Der eiserne Dachstuhl des Doms würde nicht so rasant abbrennen wie der hölzerne von Notre-Dame.

Köln – Markus Frädrich hat den Akku seines Handys schon drei mal aufgeladen – und es ist grade erst Mittag. Der Sprecher des Domkapitels wird an diesem Dienstag noch mehr Energie brauchen. Denn nachdem die Flammen im hölzernen Dachstuhl von Notre-Dame in Paris gelöscht sind , richten sich die eben noch vom Schrecken geweiteten Augen mit sorgenvollen Blicken auf den Dom.

Kann ein solches Feuerinferno auch das Kölner Wahrzeichen ereilen, wollen Medienvertreter aus ganz Deutschland und auch dem Ausland wissen. Dombaumeister Peter Füssenich beruhigt: „Durch die Weitsicht der Baumeister aus dem 19. Jahrhundert hat man auf dem Dach des Domes eine Eisenkonstruktion errichtet.“ Will sagen, anders als bei Notre-Dame würde der Dachstuhl des Doms nicht in Windeseile zum Fraß der Flammen werden. Aber grundsätzlich ist ein Feuer am Dom natürlich nicht ausgeschlossen. Zumal die Flammen auch dort trotz der Eisenkonstruktion durch Holz Nahrung finden würden.

Schreckensbilder nicht denkbar

Der Blick in den Dachstuhl (siehe Foto) verrät, was Frädrich der Rundschau bestätigt: „Das Dach des Doms ist mit Holz verschalt.“ Jedoch, solche Schreckensbilder wie einstürzende Türme auf Notre-Dame kann es beim Dom wohl nicht so schnell geben. „Auch der Vierungsturm, der auf der Pariser Kathedrale aus Holz konstruiert wurde, ist auf dem Kölner Dom aus Eisen“, sagt der Dombaumeister.

Blei war ein großes Problem bei der Katastrophe von Notre-Dame. Die Sorge: Durch die Hitze verflüssigt, könnte es glühend heiß nach unten tropfen, das Feuer weitertragen. Ein Szenario, das auch im Dom befürchtet werden muss – im größeren Ausmaß sogar. In Notre-Dame sind 150 Tonnen Blei verbaut. „Im Dom sind es rund 600 Tonnen“, berichtet Frädrich.
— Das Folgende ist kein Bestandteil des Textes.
lemma Ck_SucI:
  assumes "open U" "\<And>x. x \<in> U \<Longrightarrow> f differentiable (at x) \<and> Df f x = D x"
    "\<And>w. Ck k U (\<lambda>x. D x w)"
  shows "Ck (Suc k) U f"
proof -
  have "Ck k U (\<lambda>x. Df f x w)" for w
    using Ck_cong[OF assms(1) _ assms(3)[of w]] assms(2) by simp
  then show ?thesis
    using assms(2) by simp
qed

lemma Ck_const: "open U \<Longrightarrow> Ck k U (\<lambda>x. c)"
proof (induction k arbitrary: c)
  case (Suc k)
  show ?case
    by (rule Ck_SucI[OF Suc.prems, where D="\<lambda>x w. 0"]) (simp_all add: Df_eqI Suc)
qed simp

lemma Ck_bounded_linear: "open U \<Longrightarrow> bounded_linear l \<Longrightarrow> Ck k U l"
proof (cases k)
  case (Suc j)
  assume "open U" "bounded_linear l"
  then show ?thesis
    unfolding Suc
    by (intro Ck_SucI[where D="\<lambda>x. l"])
       (simp_all add: Df_eqI bounded_linear_imp_has_derivative bounded_linear_imp_differentiable Ck_const)
qed simp

lemma Ck_add:
  assumes "open U"
  shows "Ck k U f \<Longrightarrow> Ck k U g \<Longrightarrow> Ck k U (\<lambda>x. f x + g x)"
proof (induction k arbitrary: f g)
  case (Suc k)
  show ?case
  proof (rule Ck_SucI[OF assms, where D="\<lambda>x w. Df f x w + Df g x w"])
    fix x
    assume "x \<in> U"
    then show "(\<lambda>x. f x + g x) differentiable (at x) \<and>
        Df (\<lambda>x. f x + g x) x = (\<lambda>w. Df f x w + Df g x w)"
      using Suc.prems by (intro Df_add) auto
  qed (use Suc in auto)
qed simp

lemma Ck_mult:
  assumes "open U"
  shows "Ck k U f \<Longrightarrow> Ck k U g \<Longrightarrow> Ck k U (\<lambda>x. f x * g x)"
proof (induction k arbitrary: f g)
  case (Suc k)
  then have "Ck k U f" "Ck k U g"
    using Ck_Suc_imp_Ck by blast+
  show ?case
  proof (rule Ck_SucI[OF assms, where D="\<lambda>x w. f x * Df g x w + Df f x w * g x"])
    fix x
    assume "x \<in> U"
    then show "(\<lambda>x. f x * g x) differentiable (at x) \<and>
        Df (\<lambda>x. f x * g x) x = (\<lambda>w. f x * Df g x w + Df f x w * g x)"
      using Suc.prems by (intro Df_mult) auto
  next
    fix w
    show "Ck k U (\<lambda>x. f x * Df g x w + Df f x w * g x)"
      using Suc \<open>Ck k U f\<close> \<open>Ck k U g\<close> by (intro Ck_add[OF assms]) auto
  qed
qed simp

lemma Ck_cmult: "open U \<Longrightarrow> Ck k U f \<Longrightarrow> Ck k U (\<lambda>x. c * f x)"
  using Ck_mult[OF _ Ck_const] by blast

lemma Ck_diff: "open U \<Longrightarrow> Ck k U f \<Longrightarrow> Ck k U g \<Longrightarrow> Ck k U (\<lambda>x. f x - g x)"
  using Ck_add[of U k f "\<lambda>x. (-1) * g x"] Ck_cmult[of U k g "-1"] by simp

lemma Ck_compose_derivative_tower:
  assumes "open U" "\<And>j y. y \<in> I \<Longrightarrow> (hs j has_real_derivative hs (Suc j) y) (at y)"
    "\<And>x. x \<in> U \<Longrightarrow> g x \<in> I"
  shows "Ck k U g \<Longrightarrow> Ck k U (\<lambda>x. hs j (g x))"
proof (induction k arbitrary: j)
  case (Suc k)
  then have "Ck k U g"
    using Ck_Suc_imp_Ck by blast
  show ?case
  proof (rule Ck_SucI[OF assms(1), where D="\<lambda>x w. hs (Suc j) (g x) * Df g x w"])
    fix x
    assume "x \<in> U"
    then show "(\<lambda>x. hs j (g x)) differentiable (at x) \<and>
        Df (\<lambda>x. hs j (g x)) x = (\<lambda>w. hs (Suc j) (g x) * Df g x w)"
      using Suc.prems assms(3) by (intro Df_compose_real assms(2)) auto
  next
    fix w
    show "Ck k U (\<lambda>x. hs (Suc j) (g x) * Df g x w)"
      using Suc \<open>Ck k U g\<close> by (intro Ck_mult[OF assms(1)]) auto
  qed
qed simp

lemma continuous_on_if_Ck_Suc: "Ck (Suc k) U f \<Longrightarrow> continuous_on U f"
  unfolding differentiable_on_def
  by (auto intro!: differentiable_imp_continuous_on simp: differentiable_on_def differentiable_at_withinI)

section \<open>Kaehler metrics and the geodesic equation\<close>

lemma dd2_eq_Df_Df:
  assumes U: "open U" "x \<in> U" and d: "\<And>y. y \<in> U \<Longrightarrow> \<Phi> differentiable (at y)"
    and d2: "(\<lambda>y. Df \<Phi> y u) differentiable (at x)"
  shows "dd2 \<Phi> x u v = Df (\<lambda>y. Df \<Phi> y u) x v"
proof -
  have "isCont (\<lambda>s. x + s *\<^sub>R v) 0"
    by (intro continuous_intros)
  then obtain S where "open S" "0 \<in> S" "\<forall>s\<in>S. x + s *\<^sub>R v \<in> U"
    using U continuous_at_open[of 0 "\<lambda>s. x + s *\<^sub>R v"] by auto
  then have "eventually (\<lambda>s. dd \<Phi> (x + s *\<^sub>R v) u = Df \<Phi> (x + s *\<^sub>R v) u) (nhds 0)"
    unfolding eventually_nhds using dd_eq_Df d by blast
  then have "dd2 \<Phi> x u v = deriv (\<lambda>s. Df \<Phi> (x + s *\<^sub>R v) u) 0"
    unfolding dd2_def by (rule deriv_cong_ev) simp
  also have "\<dots> = Df (\<lambda>y. Df \<Phi> y u) x v"
    using dd_eq_Df[OF d2] by (simp add: dd_def)
  finally show ?thesis .
qed

lemma kmetric_eq_Df_Df:
  assumes "open U" "Ck 2 U \<Phi>" "p \<in> U"
  shows "kmetric J \<Phi> p u v = (Df (\<lambda>y. Df \<Phi> y u) p v + Df (\<lambda>y. Df \<Phi> y (J u)) p (J v)) / 4"
  using assms by (simp add: kmetric_def dd2_eq_Df_Df numeral_2_eq_2)

lemma linear_kmetric:
  assumes "open U" "Ck 2 U \<Phi>" "linear J" "p \<in> U"
  shows "linear (kmetric J \<Phi> p u)"
proof -
  have D2: "linear (Df (\<lambda>y. Df \<Phi> y a) p)" for a
    using assms by (intro linear_Df) (simp add: numeral_2_eq_2)
  show ?thesis
    by (rule linearI)
       (simp_all add: kmetric_eq_Df_Df[OF assms(1,2,4)] linear_add[OF D2] linear_scale[OF D2]
         linear_add[OF assms(3)] linear_scale[OF assms(3)] field_simps)
qed
definition local_min_P :: "(real^'r^'n \<Rightarrow> real) \<Rightarrow> real^'r^'n \<Rightarrow> bool" where
  "local_min_P f X \<longleftrightarrow> X \<in> nonneg_Stiefel \<and>
     (\<exists>\<delta>>0. \<forall>Y\<in>nonneg_Stiefel. norm (Y - X) < \<delta> \<longrightarrow> f X \<le> f Y)"

definition local_min_pen :: "(real^'r^'n \<Rightarrow> real) \<Rightarrow> real \<Rightarrow> real^'r^'n \<Rightarrow> bool" where
  "local_min_pen f \<rho> X \<longleftrightarrow> X \<in> Stiefel \<and>
     (\<exists>\<delta>>0. \<forall>Y\<in>Stiefel. norm (Y - X) < \<delta> \<longrightarrow> f X + \<rho> * vartheta X \<le> f Y + \<rho> * vartheta Y)"

definition has_zero_row :: "real^'r^'n \<Rightarrow> bool" where
  "has_zero_row X \<longleftrightarrow> (\<exists>i. \<forall>j. X $ i $ j = 0)"

definition min_nonzero_entry :: "real^'r^'n \<Rightarrow> real" where
  "min_nonzero_entry X = Min {X $ i $ j | i j. X $ i $ j \<noteq> 0}"

end

theory Submission
  imports Defs
begin

(* Let X on St(n,r) be close to Xs, and let Z be a point of S+ near Xs with ||X - Z|| <= c vartheta(X).
   Local minimality and the Lipschitz bound give f(X) - f(Xs) >= f(X) - f(Z) >= - c L vartheta(X).
   In part 1 such a Z is the nearest point of S+, by the assumed error bound.  In part 2, Xs has
   a single positive entry Xs(i, g i) >= m in every row, with g onto and m the smallest nonzero
   entry.  Normalising the columns of the g-pattern part of X gives Z with ||X - Z|| <= 2 S, where
   S is the l1-mass of X off the pattern.  Since sum_i (sum_j X_ij)^2 = sum_ij X_ij^2 = r on
   St(n,r), the positive off-pattern entries, weighted by the large pattern entries, must be
   balanced by negative ones, whence m S <= 4 vartheta(X).  So c = 8/m works, and 8/m is below
   the kappa of the statement.  Only the Lipschitz continuity of f on St(n,r) is used. *)

lemma sum_UNIV_remove: "(\<Sum>j\<in>UNIV. h j) = h p + (\<Sum>j | j \<noteq> p. h (j::'a::finite))"
proof -
  have "UNIV - {p} = {j. j \<noteq> p}" by blast
  then show ?thesis using sum.remove[of UNIV p h] by simp
qed

lemma sum_UNIV_partition: "(\<Sum>x\<in>UNIV. h x) = (\<Sum>x | P x. h x) + (\<Sum>x | \<not> P x. h (x::'a::finite))"
  using sum.If_cases[of UNIV P h h] by (simp add: Collect_neg_eq)

lemma square_sum_minus_sum_squares:
  fixes a :: "'a::finite \<Rightarrow> real"
  shows "(\<Sum>j\<in>UNIV. a j)\<^sup>2 - (\<Sum>j\<in>UNIV. (a j)\<^sup>2)
    = 2 * a p * (\<Sum>j | j \<noteq> p. a j) + (\<Sum>j | j \<noteq> p. a j)\<^sup>2 - (\<Sum>j | j \<noteq> p. (a j)\<^sup>2)"
  unfolding sum_UNIV_remove[of a p] sum_UNIV_remove[of "\<lambda>j. (a j)\<^sup>2" p]
  by (simp add: power2_eq_square algebra_simps)

lemma mult_pos_part_minus_neg_part_le:
  fixes a b x :: real
  assumes "0 \<le> b" "b \<le> a" "a \<le> 1"
  shows "b * max 0 x - max 0 (- x) \<le> a * x"
proof (cases "0 \<le> x")
  case True
  then show ?thesis using assms by (simp add: mult_right_mono)
next
  case False
  have "(1 - a) * x \<le> 0" using assms False by (intro mult_nonneg_nonpos) auto
  then show ?thesis using False by (simp add: algebra_simps)
qed

lemma abs_entry_le_norm: "\<bar>(X::real^'r^'n) $ i $ j\<bar> \<le> norm X"
  using component_le_norm_cart[of "X $ i" j] Finite_Cartesian_Product.norm_nth_le[of X i] by linarith

lemma norm_le_sum_abs_entries: "norm (X::real^'r^'n) \<le> (\<Sum>i\<in>UNIV. \<Sum>j\<in>UNIV. \<bar>X $ i $ j\<bar>)"
proof -
  have "norm X \<le> (\<Sum>i\<in>UNIV. norm (X $ i))"
    unfolding norm_vec_def by (rule L2_set_le_sum) simp
  also have "\<dots> \<le> (\<Sum>i\<in>UNIV. \<Sum>j\<in>UNIV. \<bar>X $ i $ j\<bar>)"
    by (intro sum_mono norm_le_l1_cart)
  finally show ?thesis .
qed

lemma Stiefel_iff: "(X::real^'r^'n) \<in> Stiefel \<longleftrightarrow>
   (\<forall>j k. (\<Sum>i\<in>UNIV. X $ i $ j * X $ i $ k) = (if j = k then 1 else 0))"
  by (auto simp: Stiefel_def vec_eq_iff matrix_matrix_mult_def transpose_def mat_def)

lemma Stiefel_sum_column_sq: "(X::real^'r^'n) \<in> Stiefel \<Longrightarrow> (\<Sum>i\<in>UNIV. (X $ i $ j)\<^sup>2) = 1"
  by (auto simp: Stiefel_iff power2_eq_square)

lemma Stiefel_abs_entry_le_1:
  assumes "(X::real^'r^'n) \<in> Stiefel"
  shows "\<bar>X $ i $ j\<bar> \<le> 1"
proof -
  have "(X $ i $ j)\<^sup>2 \<le> (\<Sum>i\<in>UNIV. (X $ i $ j)\<^sup>2)"
    by (rule member_le_sum) auto
  then show ?thesis
    using Stiefel_sum_column_sq[OF assms] by (simp add: abs_square_le_1)
qed

lemma Stiefel_column_nonzero:
  assumes "(X::real^'r^'n) \<in> Stiefel"
  obtains i where "X $ i $ j \<noteq> 0"
proof -
  have "\<exists>i. X $ i $ j \<noteq> 0"
  proof (rule ccontr)
    assume "\<nexists>i. X $ i $ j \<noteq> 0"
    then show False using Stiefel_sum_column_sq[OF assms, of j] by simp
  qed
  with that show thesis by blast
qed

lemma Stiefel_sum_sq_entries:
  "(X::real^'r^'n) \<in> Stiefel \<Longrightarrow> (\<Sum>i\<in>UNIV. \<Sum>j\<in>UNIV. (X $ i $ j)\<^sup>2) = real CARD('r)"
  by (subst sum.swap) (simp add: Stiefel_sum_column_sq)

lemma Stiefel_sum_sq_row_sums:
  assumes "(X::real^'r^'n) \<in> Stiefel"
  shows "(\<Sum>i\<in>UNIV. (\<Sum>j\<in>UNIV. X $ i $ j)\<^sup>2) = real CARD('r)"
proof -
  have "(\<Sum>i\<in>UNIV. (\<Sum>j\<in>UNIV. X $ i $ j)\<^sup>2)
      = (\<Sum>i\<in>UNIV. \<Sum>j\<in>UNIV. \<Sum>k\<in>UNIV. X $ i $ j * X $ i $ k)"
    by (simp add: power2_eq_square sum_product)
  also have "\<dots> = (\<Sum>j\<in>UNIV. \<Sum>k\<in>UNIV. \<Sum>i\<in>UNIV. X $ i $ j * X $ i $ k)"
    by (subst sum.swap) (simp add: sum.swap[of _ "UNIV::'n set"])
  also have "\<dots> = real CARD('r)"
    using assms by (simp add: Stiefel_iff)
  finally show ?thesis .
qed

lemma closed_Stiefel: "closed (Stiefel :: (real^'r^'n) set)"
proof -
  have "Stiefel = {X::real^'r^'n. \<forall>j k. (\<Sum>i\<in>UNIV. X $ i $ j * X $ i $ k) = (if j = k then 1 else 0)}"
    using Stiefel_iff by blast
  also have "closed \<dots>"
    by (intro closed_Collect_all closed_Collect_eq continuous_intros)
  finally show ?thesis .
qed

lemma closed_nonneg_mats: "closed (nonneg_mats :: (real^'r^'n) set)"
  unfolding nonneg_mats_def
  by (intro closed_Collect_all closed_Collect_le continuous_intros)

lemma closed_nonneg_Stiefel: "closed (nonneg_Stiefel :: (real^'r^'n) set)"
  unfolding nonneg_Stiefel_def by (intro closed_Int closed_nonneg_mats closed_Stiefel)

lemma vartheta_nonneg: "0 \<le> vartheta (X::real^'r^'n)"
  unfolding vartheta_def by (intro sum_nonneg) auto

lemma vartheta_eq_0: "(X::real^'r^'n) \<in> nonneg_mats \<Longrightarrow> vartheta X = 0"
  unfolding vartheta_def nonneg_mats_def by simp

lemma infdist_nonneg_mats_le_vartheta: "infdist (X::real^'r^'n) nonneg_mats \<le> vartheta X"
proof -
  define X_pos :: "real^'r^'n" where "X_pos = (\<chi> i j. max 0 (X $ i $ j))"
  have "X_pos \<in> nonneg_mats" by (simp add: X_pos_def nonneg_mats_def)
  then have "infdist X nonneg_mats \<le> norm (X - X_pos)"
    using infdist_le by (metis dist_norm)
  also have "\<dots> \<le> (\<Sum>i\<in>UNIV. \<Sum>j\<in>UNIV. \<bar>(X - X_pos) $ i $ j\<bar>)"
    by (rule norm_le_sum_abs_entries)
  also have "\<dots> = vartheta X"
    unfolding vartheta_def X_pos_def by (intro sum.cong refl) auto
  finally show ?thesis .
qed

section \<open>Exact penalty from a nearby feasible point\<close>

lemma penalty_bound_via_feasible_point:
  fixes f :: "real^'r^'n \<Rightarrow> real"
  assumes Lf: "L-lipschitz_on Stiefel f" and X: "X \<in> Stiefel" and Z: "Z \<in> Stiefel"
    and fZ: "f Xs \<le> f Z" and XZ: "norm (X - Z) \<le> c * vartheta X"
  shows "0 \<le> f X - f Xs + c * L * vartheta X"
proof -
  have "f Z - f X \<le> L * norm (X - Z)"
    using lipschitz_onD[OF Lf X Z] by (simp add: dist_real_def dist_norm)
  also have "\<dots> \<le> L * (c * vartheta X)"
    using XZ lipschitz_on_nonneg[OF Lf] by (rule mult_left_mono)
  finally show ?thesis using fZ by (simp add: algebra_simps)
qed

lemma local_min_pen_of_penalty_bound:
  fixes f :: "real^'r^'n \<Rightarrow> real"
  assumes Xs: "Xs \<in> nonneg_Stiefel"
    and bound: "\<exists>\<delta>>0. \<forall>X\<in>Stiefel. norm (X - Xs) \<le> \<delta> \<longrightarrow> 0 \<le> f X - f Xs + c * L * vartheta X"
    and "c * L \<le> \<rho>"
  shows "local_min_pen f \<rho> Xs"
proof -
  obtain \<delta> where "0 < \<delta>"
    and \<delta>: "\<forall>X\<in>Stiefel. norm (X - Xs) \<le> \<delta> \<longrightarrow> 0 \<le> f X - f Xs + c * L * vartheta X"
    using bound by blast
  have "f Xs + \<rho> * vartheta Xs \<le> f Y + \<rho> * vartheta Y"
    if "Y \<in> Stiefel" "norm (Y - Xs) < \<delta>" for Y
  proof -
    have "0 \<le> f Y - f Xs + c * L * vartheta Y" using \<delta> that by simp
    moreover have "c * L * vartheta Y \<le> \<rho> * vartheta Y"
      using \<open>c * L \<le> \<rho>\<close> vartheta_nonneg by (rule mult_right_mono)
    moreover have "vartheta Xs = 0" using Xs by (simp add: nonneg_Stiefel_def vartheta_eq_0)
    ultimately show ?thesis by simp
  qed
  then show ?thesis
    using Xs \<open>0 < \<delta>\<close> unfolding local_min_pen_def nonneg_Stiefel_def by blast
qed

lemma local_min_P_of_local_min_pen:
  fixes f :: "real^'r^'n \<Rightarrow> real"
  assumes "local_min_pen f \<rho> X" and "X \<in> nonneg_mats"
  shows "local_min_P f X"
proof -
  obtain \<delta> where "X \<in> Stiefel" "0 < \<delta>"
    and min: "\<forall>Y\<in>Stiefel. norm (Y - X) < \<delta> \<longrightarrow> f X + \<rho> * vartheta X \<le> f Y + \<rho> * vartheta Y"
    using assms(1) unfolding local_min_pen_def by blast
  then show ?thesis
    using assms(2) unfolding local_min_P_def nonneg_Stiefel_def
    by (intro conjI exI[of _ \<delta>] ballI impI) (auto simp: vartheta_eq_0)
qed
Bauarbeiten an Notre-Dame wohl der Grund

Noch ist es zwar nicht bestätigt, aber es wird davon ausgegangen, dass durch Bauarbeiten an Notre-Dame das Feuer ausgebrochen ist. Eine häufige Ursache für Brände in Kirchen (siehe Kasten). „Baumaßnahmen am Dom werden nur unter großen Vorsichtsmaßnahmen durchgeführt. Die Mitarbeiter der Dombauhütte haben ein hohes Bewusstsein dafür, dass sie mit empfindlichen Materialien arbeiten. Vor allem bei Löt- und Schweißarbeiten gehen wir mit großer Sorgfalt und Umsicht vor“, so der Herr über alle Baumaßnahmen am Dom.

Lange herrschte in Paris große Sorge darüber, die Kunstschätze und Reliquien in der weltberühmten katholischen Kirche könnten ein Opfer der Flammen werden. Aufatmen, nachdem die Feuerwehr vermeldet, alles sei in Sicherheit gebracht. Füssenich zu dieser Lage im Dom: „Regelmäßig üben wir, wie wir im Brandfall unsere Kunstwerke mit speziellen Löschdecken sichern können.“ Domkapitel-Sprecher Frädrich berichtet, es gebe eine Liste aller Kunstschätze, nach der sie im Ernstfall aus dem Dom geschafft würden. Die Domschatzkammer ist zudem mit Brandschutztüren abgesichert. Sprinkleranlagen gibt es indes nicht. „Die Gefahr von Wasserschäden ist zu groß“, sagt Frädrich.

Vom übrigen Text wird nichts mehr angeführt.